The Annual General Meeting can authorize the Board of Directors to increase or reduce the share capital within the capital band. What is new is that with one authorization both options can be combined. The capital band allows an increase or decrease of up to 50% of the volume of the share capital.

This allows the share capital can be flexibly managed in line with flexibly managed developments. The previous possibility of increasing capital was limited to two years. The revision of stock corporation law opens up new possibilities for companies in Switzerland. The ability to act is ensured and adapted to the modern stock market, which increasingly requires quick reactions to current developments..

In addition, the flexibility of the General Meeting is increased by the fact that it no longer has to be held as an attendance meeting. A purely a purely virtual, a hybrid or a purely written general meeting of shareholders have been alternatives to the previous model since the amendment to the law came into force.

It is also possible to hold a General Meeting not only in Switzerland, but also but also abroad, or to hold or to hold them in parallel at several locations. However, certain certain criteria must be metsuch as a corresponding provision in the Articles of Association. If parallel execution is desired, it is particularly important that all participant votes can be transmitted in picture and sound at all venues. The General Meeting may also pass its resolutions by circular letter. This always applies provided no oral discussion is requested and all shareholders are represented.

Extended duties of the Board of Directors

The duties of the Board of Directors have changed and been expanded in parts. According to the new legal regulation, the Board of Directors now explicitly ensure the monitoring of liquidity and solvency.
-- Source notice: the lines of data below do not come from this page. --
(* Let $\mathcal H$ be an infinite-dimensional complex Hilbert space. Define a partial operation $\overline\oplus$ on $\mathcal V_f(\mathcal H)$ by: for $t,s\in\mathcal V_f(\mathcal H)$, $t\,\overline\oplus\, s$ is defined if and only if $t\oplus s$ is defined and $(t+s)_r=t_r+s_r$, and then $t\,\overline\oplus\,s=t\oplus s$. Then $(\mathcal V_f(\mathcal H);\overline\oplus,o)$ is a generalized effect algebra.
   Context: Bilinear forms $t$ on $\mathcal H$ are sesquilinear maps $D(t)\times D(t)\to\mathbb C$ on a dense linear subspace $D(t)$ (linear in the first argument); $t$ is positive if $t(x,x)\ge0$ on $D(t)$, bounded if $\sup\{t(x,x)\mid x\in D(t),\|x\|=1\}<\infty$. The sum $t+s$ has domain $D(t)\cap D(s)$. $o$ is the zero form on $\mathcal H$. $\mathcal V_f(\mathcal H)$ is the set of positive bilinear forms with dense domain such that $D(t)=\mathcal H$ whenever $t$ is bounded; $t\oplus s$ is defined iff $t$ or $s$ is bounded or $D(t)=D(s)$, and then $t\oplus s=t+s$. A positive form is closed if $D(t)$ is a Hilbert space under $(x,y)_t=t(x,y)+(1+m_t)(x,y)$, $m_t=\inf\{t(x,x)\mid x\in D(t),\|x\|=1\}$; closable if it has a closed extension. For a positive form $t$, the regular part $t_r$ is the largest closable positive form with domain $D(t)$ satisfying $t_r(x,x)\le t(x,x)$ for all $x\in D(t)$. A generalized effect algebra is a structure $(E;\oplus,0)$ with a partial operation that is commutative and associative (when one side is defined), has $x\oplus0=x$, is cancellative, and satisfies $x\oplus y=0\Rightarrow x=y=0$. *)

theory Defs
  imports Complex_Main
begin

text \<open>A complex Hilbert space structure on a type 'a: complex scalar multiplication sc and
  inner product ip (linear in the first argument), complete w.r.t. the induced norm.\<close>

definition hnorm :: "('a \<Rightarrow> 'a \<Rightarrow> complex) \<Rightarrow> 'a \<Rightarrow> real" where
  "hnorm ip x = sqrt (Re (ip x x))"

definition complex_hilbert_space ::
  "(complex \<Rightarrow> 'a::ab_group_add \<Rightarrow> 'a) \<Rightarrow> ('a \<Rightarrow> 'a \<Rightarrow> complex) \<Rightarrow> bool" where
  "complex_hilbert_space sc ip \<longleftrightarrow>
     (\<forall>a x y. sc a (x + y) = sc a x + sc a y) \<and>
     (\<forall>a b x. sc (a + b) x = sc a x + sc b x) \<and>
     (\<forall>a b x. sc a (sc b x) = sc (a * b) x) \<and>
     (\<forall>x. sc 1 x = x) \<and>
     (\<forall>x y z. ip (x + y) z = ip x z + ip y z) \<and>
     (\<forall>a x y. ip (sc a x) y = a * ip x y) \<and>
     (\<forall>x y. ip y x = cnj (ip x y)) \<and>
     (\<forall>x. Im (ip x x) = 0 \<and> 0 \<le> Re (ip x x)) \<and>
     (\<forall>x. ip x x = 0 \<longrightarrow> x = 0) \<and>
     (\<forall>X. (\<forall>e>0. \<exists>N. \<forall>m\<ge>N. \<forall>k\<ge>N. hnorm ip (X m - X k) < e)
          \<longrightarrow> (\<exists>L. (\<lambda>k. hnorm ip (X k - L)) \<longlonglongrightarrow> 0))"

definition cspan :: "(complex \<Rightarrow> 'a::ab_group_add \<Rightarrow> 'a) \<Rightarrow> 'a set \<Rightarrow> 'a set" where
  "cspan sc S = {y. \<exists>c. y = (\<Sum>v\<in>S. sc (c v) v)}"

definition infinite_dimensional :: "(complex \<Rightarrow> 'a::ab_group_add \<Rightarrow> 'a) \<Rightarrow> bool" where
  "infinite_dimensional sc \<longleftrightarrow> (\<forall>S. finite S \<longrightarrow> cspan sc S \<noteq> UNIV)"

text \<open>A form is a pair (domain, values); by convention the value is 0 outside domain x domain,
  so that equality of forms is equality of pairs.\<close>
type_synonym 'a form = "'a set \<times> ('a \<Rightarrow> 'a \<Rightarrow> complex)"

definition fdom :: "'a form \<Rightarrow> 'a set" where "fdom t = fst t"
definition fval :: "'a form \<Rightarrow> 'a \<Rightarrow> 'a \<Rightarrow> complex" where "fval t = snd t"

definition lin_subspace :: "(complex \<Rightarrow> 'a::ab_group_add \<Rightarrow> 'a) \<Rightarrow> 'a set \<Rightarrow> bool" where
  "lin_subspace sc D \<longleftrightarrow> 0 \<in> D \<and> (\<forall>x\<in>D. \<forall>y\<in>D. x + y \<in> D) \<and> (\<forall>a. \<forall>x\<in>D. sc a x \<in> D)"

definition dense_in :: "('a::ab_group_add \<Rightarrow> 'a \<Rightarrow> complex) \<Rightarrow> 'a set \<Rightarrow> bool" where
  "dense_in ip D \<longleftrightarrow> (\<forall>x. \<forall>e>0. \<exists>y\<in>D. hnorm ip (x - y) < e)"

definition is_form ::
  "(complex \<Rightarrow> 'a::ab_group_add \<Rightarrow> 'a) \<Rightarrow> ('a \<Rightarrow> 'a \<Rightarrow> complex) \<Rightarrow> 'a form \<Rightarrow> bool" where
  "is_form sc ip t \<longleftrightarrow>
     lin_subspace sc (fdom t) \<and> dense_in ip (fdom t) \<and>
     (\<forall>x\<in>fdom t. \<forall>y\<in>fdom t. \<forall>z\<in>fdom t. fval t (x + y) z = fval t x z + fval t y z) \<and>
     (\<forall>x\<in>fdom t. \<forall>y\<in>fdom t. \<forall>z\<in>fdom t. fval t x (y + z) = fval t x y + fval t x z) \<and>
     (\<forall>a. \<forall>x\<in>fdom t. \<forall>y\<in>fdom t. fval t (sc a x) y = a * fval t x y) \<and>
     (\<forall>a. \<forall>x\<in>fdom t. \<forall>y\<in>fdom t. fval t x (sc a y) = cnj a * fval t x y) \<and>
     (\<forall>x y. \<not> (x \<in> fdom t \<and> y \<in> fdom t) \<longrightarrow> fval t x y = 0)"

definition positive_form :: "'a form \<Rightarrow> bool" where
  "positive_form t \<longleftrightarrow> (\<forall>x\<in>fdom t. Im (fval t x x) = 0 \<and> 0 \<le> Re (fval t x x))"

definition bounded_form :: "('a \<Rightarrow> 'a \<Rightarrow> complex) \<Rightarrow> 'a form \<Rightarrow> bool" where
  "bounded_form ip t \<longleftrightarrow> bdd_above {Re (fval t x x) | x. x \<in> fdom t \<and> hnorm ip x = 1}"

definition form_add :: "'a form \<Rightarrow> 'a form \<Rightarrow> 'a form" where
  "form_add t s = (fdom t \<inter> fdom s,
     (\<lambda>x y. if x \<in> fdom t \<inter> fdom s \<and> y \<in> fdom t \<inter> fdom s
            then fval t x y + fval s x y else 0))"

definition zero_form :: "'a form" where
  "zero_form = (UNIV, (\<lambda>x y. 0))"

definition Vf ::
  "(complex \<Rightarrow> 'a::ab_group_add \<Rightarrow> 'a) \<Rightarrow> ('a \<Rightarrow> 'a \<Rightarrow> complex) \<Rightarrow> 'a form set" where
  "Vf sc ip = {t. is_form sc ip t \<and> positive_form t \<and>
                  (bounded_form ip t \<longrightarrow> fdom t = UNIV)}"

definition oplus_defined :: "('a \<Rightarrow> 'a \<Rightarrow> complex) \<Rightarrow> 'a form \<Rightarrow> 'a form \<Rightarrow> bool" where
  "oplus_defined ip t s \<longleftrightarrow> bounded_form ip t \<or> bounded_form ip s \<or> fdom t = fdom s"

definition lower_bound :: "('a \<Rightarrow> 'a \<Rightarrow> complex) \<Rightarrow> 'a form \<Rightarrow> real" where
  "lower_bound ip t = Inf {Re (fval t x x) | x. x \<in> fdom t \<and> hnorm ip x = 1}"

text \<open>norm on D(t) induced by (x,y)_t = t(x,y) + (1+m_t)(x,y)\<close>
definition form_norm :: "('a \<Rightarrow> 'a \<Rightarrow> complex) \<Rightarrow> 'a form \<Rightarrow> 'a \<Rightarrow> real" where
  "form_norm ip t x = sqrt (Re (fval t x x) + (1 + lower_bound ip t) * (hnorm ip x)^2)"

definition closed_form ::
  "(complex \<Rightarrow> 'a::ab_group_add \<Rightarrow> 'a) \<Rightarrow> ('a \<Rightarrow> 'a \<Rightarrow> complex) \<Rightarrow> 'a form \<Rightarrow> bool" where
  "closed_form sc ip t \<longleftrightarrow> is_form sc ip t \<and> positive_form t \<and>
     (\<forall>X. (\<forall>k. X k \<in> fdom t) \<and>
          (\<forall>e>0. \<exists>N. \<forall>m\<ge>N. \<forall>k\<ge>N. form_norm ip t (X m - X k) < e)
          \<longrightarrow> (\<exists>L\<in>fdom t. (\<lambda>k. form_norm ip t (X k - L)) \<longlonglongrightarrow> 0))"

definition closable_form ::
  "(complex \<Rightarrow> 'a::ab_group_add \<Rightarrow> 'a) \<Rightarrow> ('a \<Rightarrow> 'a \<Rightarrow> complex) \<Rightarrow> 'a form \<Rightarrow> bool" where
  "closable_form sc ip t \<longleftrightarrow>
     (\<exists>s. closed_form sc ip s \<and> fdom t \<subseteq> fdom s \<and>
          (\<forall>x\<in>fdom t. \<forall>y\<in>fdom t. fval s x y = fval t x y))"

definition reg_candidate ::
  "(complex \<Rightarrow> 'a::ab_group_add \<Rightarrow> 'a) \<Rightarrow> ('a \<Rightarrow> 'a \<Rightarrow> complex) \<Rightarrow> 'a form \<Rightarrow> 'a form \<Rightarrow> bool" where
  "reg_candidate sc ip t r \<longleftrightarrow> is_form sc ip r \<and> positive_form r \<and> closable_form sc ip r \<and>
     fdom r = fdom t \<and> (\<forall>x\<in>fdom t. Re (fval r x x) \<le> Re (fval t x x))"

definition regular_part ::
  "(complex \<Rightarrow> 'a::ab_group_add \<Rightarrow> 'a) \<Rightarrow> ('a \<Rightarrow> 'a \<Rightarrow> complex) \<Rightarrow> 'a form \<Rightarrow> 'a form" where
  "regular_part sc ip t = (THE r. reg_candidate sc ip t r \<and>
     (\<forall>r'. reg_candidate sc ip t r' \<longrightarrow> (\<forall>x\<in>fdom t. Re (fval r' x x) \<le> Re (fval r x x))))"

definition obar_oplus ::
  "(complex \<Rightarrow> 'a::ab_group_add \<Rightarrow> 'a) \<Rightarrow> ('a \<Rightarrow> 'a \<Rightarrow> complex) \<Rightarrow> 'a form \<Rightarrow> 'a form \<Rightarrow> 'a form option" where
  "obar_oplus sc ip t s =
     (if oplus_defined ip t s \<and>
         regular_part sc ip (form_add t s) = form_add (regular_part sc ip t) (regular_part sc ip s)
      then Some (form_add t s) else None)"
(* Let $G$ be a non-discrete, torsion-free locally compact abelian group. Then $G_{op}\neq 0$.
   Context: A subgroup $H$ of an abelian group $G$ is pure if $nH=H\cap nG$ for every positive integer $n$. For an LCA group $G$, $G_{op}$ (the $OP$ subgroup of $G$) denotes the intersection of all open pure subgroups of $G$. *)

theory Defs
  imports "HOL-Analysis.Analysis"
begin

primrec nsmul :: "nat \<Rightarrow> 'a::ab_group_add \<Rightarrow> 'a" where
  "nsmul 0 x = 0"
| "nsmul (Suc n) x = x + nsmul n x"

definition LCA_group :: "'a::{ab_group_add, t2_space} itself \<Rightarrow> bool" where
  "LCA_group _ \<longleftrightarrow>
     continuous_on UNIV (\<lambda>p::'a \<times> 'a. fst p + snd p) \<and>
     continuous_on UNIV (uminus :: 'a \<Rightarrow> 'a) \<and>
     locally_compact_space (euclidean :: 'a topology)"

definition subgroup_add :: "'a::ab_group_add set \<Rightarrow> bool" where
  "subgroup_add H \<longleftrightarrow> 0 \<in> H \<and> (\<forall>x\<in>H. \<forall>y\<in>H. x + y \<in> H) \<and> (\<forall>x\<in>H. - x \<in> H)"

definition pure_subgroup :: "'a::ab_group_add set \<Rightarrow> bool" where
  "pure_subgroup H \<longleftrightarrow> subgroup_add H \<and>
     (\<forall>n::nat. n > 0 \<longrightarrow> nsmul n ` H = H \<inter> nsmul n ` UNIV)"

definition torsion_free :: "'a::ab_group_add itself \<Rightarrow> bool" where
  "torsion_free _ \<longleftrightarrow> (\<forall>(x::'a) (n::nat). n > 0 \<longrightarrow> nsmul n x = 0 \<longrightarrow> x = 0)"

definition G_op :: "'a::{ab_group_add, topological_space} set" where
  "G_op = \<Inter> {H. open H \<and> pure_subgroup H}"

end

theory Submission
  imports Defs
begin

text \<open>
  Suppose G_op = 0, so every nonzero element is missed by some open pure subgroup. Let W be
  an open neighbourhood of 0 inside a compact set C. Covering C - W by the complements of
  finitely many of these subgroups yields an open subgroup H with H \<inter> C \<subseteq> W; hence U = H \<inter> C
  is a compact open neighbourhood of 0. By compactness some neighbourhood N of 0 satisfies
  U + N \<subseteq> U, and as G is not discrete N contains some x \<noteq> 0, all of whose multiples lie in U.
  For an open pure subgroup P, the compact set U meets only finitely many cosets of P, so two
  multiples of x lie in the same coset and m x \<in> P for some m > 0. Purity gives m x = m h with
  h \<in> P, and torsion-freeness gives x = h \<in> P. Thus 0 \<noteq> x \<in> G_op.
\<close>

lemma nsmul_add: "nsmul (a + b) x = nsmul a x + nsmul b (x::'a::ab_group_add)"
  by (induction a) (auto simp: algebra_simps)

lemma nsmul_diff: "nsmul n (a - b) = nsmul n a - nsmul n (b::'a::ab_group_add)"
  by (induction n) (auto simp: algebra_simps)

lemma subgroup_add_diff:
  assumes "subgroup_add H" "x \<in> H" "y \<in> H"
  shows "x - y \<in> H"
  using assms unfolding subgroup_add_def by (metis diff_conv_add_uminus)

lemma subgroup_add_INT:
  assumes "\<And>i. i \<in> I \<Longrightarrow> subgroup_add (H i)"
  shows "subgroup_add (\<Inter>i\<in>I. H i)"
  using assms unfolding subgroup_add_def by blast

lemma open_vimage_translation:
  fixes S :: "'a::{ab_group_add, topological_space} set"
  assumes add: "continuous_on UNIV (\<lambda>p::'a \<times> 'a. fst p + snd p)" and "open S"
  shows "open ((\<lambda>y. y + a) -` S)"
proof -
  have "continuous_on UNIV ((\<lambda>p::'a \<times> 'a. fst p + snd p) \<circ> (\<lambda>y. (y, a)))"
    by (intro continuous_on_compose continuous_on_Pair continuous_on_id continuous_on_const
        continuous_on_subset[OF add]) auto
  then show ?thesis
    using \<open>open S\<close> open_vimage by (fastforce simp: o_def)
qed

lemma open_subgroup_closed:
  fixes H :: "'a::{ab_group_add, topological_space} set"
  assumes add: "continuous_on UNIV (\<lambda>p::'a \<times> 'a. fst p + snd p)"
    and "open H" "subgroup_add H"
  shows "closed H"
proof -
  have "- H = (\<Union>a\<in>-H. (\<lambda>y. y + - a) -` H)"
    using subgroup_add_diff[OF \<open>subgroup_add H\<close>] \<open>subgroup_add H\<close>
    by (auto simp: subgroup_add_def) (metis add.commute diff_add_cancel diff_conv_add_uminus)
  moreover have "open (\<Union>a\<in>-H. (\<lambda>y. y + - a) -` H)"
    using open_vimage_translation[OF add \<open>open H\<close>] by blast
  ultimately show ?thesis
    by (simp add: closed_def)
qed

lemma open_zero_imp_discrete:
  fixes S :: "'a::{ab_group_add, topological_space} set"
  assumes add: "continuous_on UNIV (\<lambda>p::'a \<times> 'a. fst p + snd p)" and "open {0::'a}"
  shows "open S"
proof -
  have "S = (\<Union>s\<in>S. (\<lambda>y. y + - s) -` {0})"
    by auto
  then show ?thesis
    using open_vimage_translation[OF add \<open>open {0}\<close>] by (metis open_UN)
qed

lemma compact_open_nhd_if_separated_by_open_subgroups:
  assumes add: "continuous_on UNIV (\<lambda>p::'a \<times> 'a. fst p + snd p)"
    and "locally_compact_space (euclidean :: 'a topology)"
    and sep: "\<And>y::'a. y \<noteq> 0 \<Longrightarrow> \<exists>H. open H \<and> subgroup_add H \<and> y \<notin> H"
  obtains U :: "'a::{ab_group_add, topological_space} set" where "compact U" "open U" "0 \<in> U"
proof -
  obtain W C :: "'a set" where W: "open W" "compact C" "0 \<in> W" "W \<subseteq> C"
  proof -
    have "\<exists>W C. openin euclidean W \<and> compactin euclidean C \<and> (0::'a) \<in> W \<and> W \<subseteq> C"
      using assms(2) unfolding locally_compact_space_def by simp
    then show thesis
      using that unfolding open_openin[symmetric] compactin_euclidean_iff by blast
  qed
  obtain Hy where Hy: "\<And>y::'a. y \<noteq> 0 \<Longrightarrow> open (Hy y) \<and> subgroup_add (Hy y) \<and> y \<notin> Hy y"
    using sep by metis
  have "compact (C - W)"
    using W by (simp add: Diff_eq compact_Int_closed closed_Compl)
  moreover have "open (- Hy y)" if "y \<in> C - W" for y
    using that W Hy[of y] open_subgroup_closed[OF add] by auto
  moreover have "C - W \<subseteq> (\<Union>y\<in>C - W. - Hy y)"
  proof
    fix y assume "y \<in> C - W"
    then have "y \<noteq> 0"
      using W(3) by blast
    then show "y \<in> (\<Union>y\<in>C - W. - Hy y)"
      using Hy \<open>y \<in> C - W\<close> by blast
  qed
  ultimately obtain T where T: "T \<subseteq> C - W" "finite T" "C - W \<subseteq> (\<Union>y\<in>T. - Hy y)"
    by (rule compactE_image)
  define H where "H = (\<Inter>y\<in>T. Hy y)"
  have T_nonzero: "y \<noteq> 0" if "y \<in> T" for y
    using that T(1) W(3) by blast
  have "open H"
    unfolding H_def using T(2) T_nonzero Hy by (intro open_INT) auto
  moreover have "subgroup_add H"
    unfolding H_def using T_nonzero Hy by (intro subgroup_add_INT) auto
  ultimately have "closed H"
    by (rule open_subgroup_closed[OF add])
  have "H \<inter> C = H \<inter> W"
    using T(3) W(4) unfolding H_def by blast
  show thesis
  proof
    show "compact (H \<inter> C)"
      using compact_Int_closed[OF W(2) \<open>closed H\<close>] by (simp add: Int_commute)
    show "open (H \<inter> C)"
      using \<open>H \<inter> C = H \<inter> W\<close> \<open>open H\<close> W(1) by auto
    show "0 \<in> H \<inter> C"
      using \<open>subgroup_add H\<close> W by (auto simp: subgroup_add_def)
  qed
qed

lemma compact_open_absorbs_nhd:
  fixes U :: "'a::{ab_group_add, topological_space} set"
  assumes add: "continuous_on UNIV (\<lambda>p::'a \<times> 'a. fst p + snd p)"
    and "compact U" "open U"
  obtains N where "open N" "0 \<in> N" "\<And>u z. u \<in> U \<Longrightarrow> z \<in> N \<Longrightarrow> u + z \<in> U"
proof -
  have open_sum: "open ((\<lambda>p::'a \<times> 'a. fst p + snd p) -` U)"
    using open_vimage[OF \<open>open U\<close> add] .
  have "\<exists>A B. open A \<and> open B \<and> u \<in> A \<and> 0 \<in> B \<and> A \<times> B \<subseteq> (\<lambda>p. fst p + snd p) -` U"
    if "u \<in> U" for u
  proof -
    have "(u, 0) \<in> (\<lambda>p::'a \<times> 'a. fst p + snd p) -` U"
      using that by simp
    then obtain A B where "open A" "open B" "(u, 0) \<in> A \<times> B" "A \<times> B \<subseteq> (\<lambda>p. fst p + snd p) -` U"
      by (rule open_prod_elim[OF open_sum])
    then show ?thesis
      by blast
  qed
  then obtain A B where AB: "\<And>u. u \<in> U \<Longrightarrow>
      open (A u) \<and> open (B u) \<and> u \<in> A u \<and> 0 \<in> B u \<and> A u \<times> B u \<subseteq> (\<lambda>p. fst p + snd p) -` U"
    by metis
  obtain T where T: "T \<subseteq> U" "finite T" "U \<subseteq> (\<Union>u\<in>T. A u)"
    using compactE_image[OF \<open>compact U\<close>, of U A] AB by blast
  show thesis
  proof
    show "open (\<Inter>u\<in>T. B u)"
      using T AB by (intro open_INT) auto
    show "0 \<in> (\<Inter>u\<in>T. B u)"
      using T AB by auto
    fix u z assume "u \<in> U" "z \<in> (\<Inter>u\<in>T. B u)"
    then obtain t where "t \<in> T" "u \<in> A t" "z \<in> B t"
      using T by blast
    then have "(u, z) \<in> (\<lambda>p. fst p + snd p) -` U"
      using AB[of t] T(1) by blast
    then show "u + z \<in> U"
      by simp
  qed
qed

lemma multiple_in_open_subgroup_if_multiples_in_compact:
  fixes H K :: "'a::{ab_group_add, topological_space} set"
  assumes add: "continuous_on UNIV (\<lambda>p::'a \<times> 'a. fst p + snd p)"
    and "open H" "subgroup_add H" "compact K" "\<And>n. nsmul n x \<in> K"
  obtains m where "m > 0" "nsmul m x \<in> H"
proof -
  have "K \<subseteq> (\<Union>t\<in>K. (\<lambda>y. y + - t) -` H)"
    using \<open>subgroup_add H\<close> by (auto simp: subgroup_add_def)
  then obtain T where T: "finite T" "K \<subseteq> (\<Union>t\<in>T. (\<lambda>y. y + - t) -` H)"
    using compactE_image[OF \<open>compact K\<close>, of K "\<lambda>t. (\<lambda>y. y + - t) -` H"]
      open_vimage_translation[OF add \<open>open H\<close>] by metis
  obtain f where f: "\<And>n. f n \<in> T \<and> nsmul n x - f n \<in> H"
  proof -
    have "\<forall>n. \<exists>t. t \<in> T \<and> nsmul n x - t \<in> H"
      using T(2) assms(5) by (fastforce simp: subset_eq)
    then show thesis
      using that by metis
  qed
  have "\<not> inj f"
    using finite_subset[OF _ T(1), of "range f"] f finite_imageD by blast
  then obtain a b where "a < b" "f a = f b"
    unfolding inj_def by (metis linorder_neqE_nat)
  then have "nsmul b x - f b - (nsmul a x - f a) \<in> H"
    using f subgroup_add_diff[OF \<open>subgroup_add H\<close>] by blast
  moreover have "nsmul b x = nsmul (b - a) x + nsmul a x"
    using nsmul_add[of "b - a" a x] \<open>a < b\<close> by simp
  ultimately have "nsmul (b - a) x \<in> H"
    using \<open>f a = f b\<close> by (simp add: algebra_simps)
  then show thesis
    using \<open>a < b\<close> by (intro that[of "b - a"]) auto
qed

lemma pure_subgroup_root_closed:
  fixes H :: "'a::ab_group_add set"
  assumes "torsion_free TYPE('a)" "pure_subgroup H" "m > 0" "nsmul m x \<in> H"
  shows "x \<in> H"
proof -
  have "nsmul m x \<in> H \<inter> range (nsmul m)"
    using assms(4) by blast
  then have "nsmul m x \<in> nsmul m ` H"
    using assms(2,3) unfolding pure_subgroup_def by blast
  then obtain h where "h \<in> H" "nsmul m x = nsmul m h"
    by blast
  then have "nsmul m (x - h) = 0"
    by (simp add: nsmul_diff)
  then have "x - h = 0"
    using assms(1,3) unfolding torsion_free_def by blast
  then show ?thesis
    using \<open>h \<in> H\<close> by simp
qed

lemma nsmul_mem_if_add_closed:
  assumes "0 \<in> U" "\<And>u. u \<in> U \<Longrightarrow> u + x \<in> U"
  shows "nsmul n x \<in> U"
proof (induction n)
  case (Suc n)
  have "nsmul n x + x \<in> U"
    using assms(2)[OF Suc] .
  then show ?case
    by (simp add: add.commute)
qed (simp add: assms(1))

lemma mem_G_op_if_multiples_in_compact:
  fixes K :: "'a::{ab_group_add, topological_space} set"
  assumes add: "continuous_on UNIV (\<lambda>p::'a \<times> 'a. fst p + snd p)"
    and "torsion_free TYPE('a)" "compact K" "\<And>n. nsmul n x \<in> K"
  shows "x \<in> G_op"
proof -
  have "x \<in> H" if "open H" "pure_subgroup H" for H
  proof -
    obtain m where "m > 0" "nsmul m x \<in> H"
      using multiple_in_open_subgroup_if_multiples_in_compact[OF add \<open>open H\<close> _ assms(3,4)]
        \<open>pure_subgroup H\<close> by (auto simp: pure_subgroup_def)
    then show ?thesis
      using pure_subgroup_root_closed[OF assms(2) \<open>pure_subgroup H\<close>] by blast
  qed
  then show ?thesis
    unfolding G_op_def by blast
qed

theorem theorem13:
  assumes "LCA_group TYPE('a::{ab_group_add, t2_space})"
    and "\<not> (\<forall>S::'a set. open S)"
    and "torsion_free TYPE('a)"
  shows "(G_op :: 'a set) \<noteq> {0}"
proof
  assume Gop: "(G_op :: 'a set) = {0}"
  have add: "continuous_on UNIV (\<lambda>p::'a \<times> 'a. fst p + snd p)"
    and lc: "locally_compact_space (euclidean :: 'a topology)"
    using assms(1) by (auto simp: LCA_group_def)
  have "\<exists>H. open H \<and> subgroup_add H \<and> y \<notin> H" if "y \<noteq> 0" for y :: 'a
  proof -
    have "y \<notin> (G_op :: 'a set)"
      using that by (subst Gop) simp
    then show ?thesis
      by (auto simp: G_op_def pure_subgroup_def)
  qed
  then obtain U :: "'a set" where U: "compact U" "open U" "0 \<in> U"
    by (rule compact_open_nhd_if_separated_by_open_subgroups[OF add lc])
  obtain N where N: "open N" "0 \<in> N" "\<And>u z. u \<in> U \<Longrightarrow> z \<in> N \<Longrightarrow> u + z \<in> U"
    using compact_open_absorbs_nhd[OF add U(1,2)] by metis
  have "N \<noteq> {0}"
    using N(1) open_zero_imp_discrete[OF add] assms(2) by force
  then obtain x where "x \<in> N" "x \<noteq> 0"
    using N(2) by blast
  then have "x \<in> (G_op :: 'a set)"
    using mem_G_op_if_multiples_in_compact[OF add assms(3) U(1)]
      nsmul_mem_if_add_closed[OF U(3) N(3)] by blast
  then show False
    using \<open>x \<noteq> 0\<close> unfolding Gop by simp
qed

end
As soon as the board of directors identifies a well-founded concern of insolvency, it must take measuresto restore solvency. This provision required the Board of Directors to act as soon as a risk of insolvency was identified.

If the annual financial statements show a loss of capital, it is no longer necessary to immediately convene a general meeting. However, the accounts must be audited by the auditors before they are approved by the General Meeting.

Another change to the annual financial statements of Switzerland is that the Board of Directors is no longer has to notify the court in every case of overindebtedness. must. If there is a prospect that the over-indebtedness can be remedied within 90 days of the interim financial statements being available, the need to go to court can be waived.

Subordination agreements in the Swiss financial statements

The section on preventing notice to the judge by a subordination has also been modified and tightened. In the event of a subordination is a contract under which a creditor, usually the principal shareholder, postpones its claim against the company. This allows all other creditors to be paid in priority until a corporate or liquidity crisis is overcome. The declaration of subordination is only legally valid if it covers the loan as well as the interest claims during the over-indebtedness and these are also deferred.